Items listed in a dataset:
═══

lemma compactin_column_space_bounded_columns:
  assumes "compactin column_space K" "1 \<notin> K"
  obtains k where "\<And>p. p \<in> K \<Longrightarrow> 2 \<le> p \<Longrightarrow> column p < k"
proof -
  let ?G = "K \<inter> {p. 2 \<le> p}"
  define \<sigma> where "\<sigma> = inv_into ?G column"
  have \<sigma>: "\<sigma> c \<in> ?G" "column (\<sigma> c) = c" if "c \<in> column ` ?G" for c
    using that unfolding \<sigma>_def by (rule inv_into_into, rule f_inv_into_f)
  define A where "A = - ({1} \<union> \<sigma> ` column ` ?G)"
  have "{p. 2 \<le> p \<and> column p = n \<and> p \<notin> A} \<subseteq> {\<sigma> n}" for n
    unfolding A_def using \<sigma>(2) by auto
  hence "finite {p. 2 \<le> p \<and> column p = n \<and> p \<notin> A}" for n
    by (rule finite_subset) simp
  moreover have "1 \<notin> A"
    unfolding A_def by simp
  ultimately have "openin column_space A"
    unfolding openin_column_space column_open_def by blast
  moreover have K_minus_A: "K - A = \<sigma> ` column ` ?G"
    using \<sigma>(1) assms(2) unfolding A_def by auto
  ultimately have "finite (K - A)"
    by (intro finite_compactin_minus_open[OF assms(1)] openin_column_space_grid_point)
       (use \<sigma>(1) in \<open>auto simp: K_minus_A\<close>)
  moreover have "column ` ?G \<subseteq> column ` \<sigma> ` column ` ?G"
    using \<sigma>(2) by (metis image_eqI subsetI)
  ultimately have "finite (column ` ?G)"
    unfolding K_minus_A by (rule finite_surj)
  then obtain k where "column ` ?G \<subseteq> {..<k}"
    using finite_nat_bounded by blast
  thus ?thesis
    using that by blast
qed

lemma column_space_no_compact_cover:
  assumes "compactin column_space Ka" "compactin column_space Kb" "0 \<notin> Ka" "1 \<notin> Kb"
  shows "Ka \<union> Kb \<noteq> UNIV"
proof
  assume cover: "Ka \<union> Kb = UNIV"
  obtain k where k: "\<And>p. p \<in> Kb \<Longrightarrow> 2 \<le> p \<Longrightarrow> column p < k"
    using compactin_column_space_bounded_columns assms(2,4) by blast
  have "{p. 2 \<le> p \<and> column p = k} \<subseteq> Ka \<inter> {p. 2 \<le> p \<and> column p = k}"
    using cover k by fastforce
  thus False
    using compactin_column_space_finite_column[OF assms(1,3)] infinite_column finite_subset by blast
qed

lemma column_space_not_continuous_image_of_compact_Hausdorff:
  assumes "compact_space X" "Hausdorff_space X" "continuous_map X column_space f"
  shows "f ` topspace X \<noteq> topspace column_space"
proof
  assume onto: "f ` topspace X = topspace column_space"
  obtain Ka Kb where "compactin column_space Ka" "compactin column_space Kb"
    "0 \<notin> Ka" "1 \<notin> Kb" "Ka \<union> Kb = topspace column_space"
    by (rule continuous_image_of_compact_Hausdorff_compact_cover[OF assms onto
          closedin_column_space_0 closedin_column_space_1 zero_neq_one])
  thus False
    using column_space_no_compact_cover topspace_column_space by metis
qed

═══

## WHAT YOU WILL DO
Copy every line above in which the string "define" shows up.

## RESULT BELOW
  define \<sigma> where "\<sigma> = inv_into ?G column"
  define A where "A = - ({1} \<union> \<sigma> ` column ` ?G)"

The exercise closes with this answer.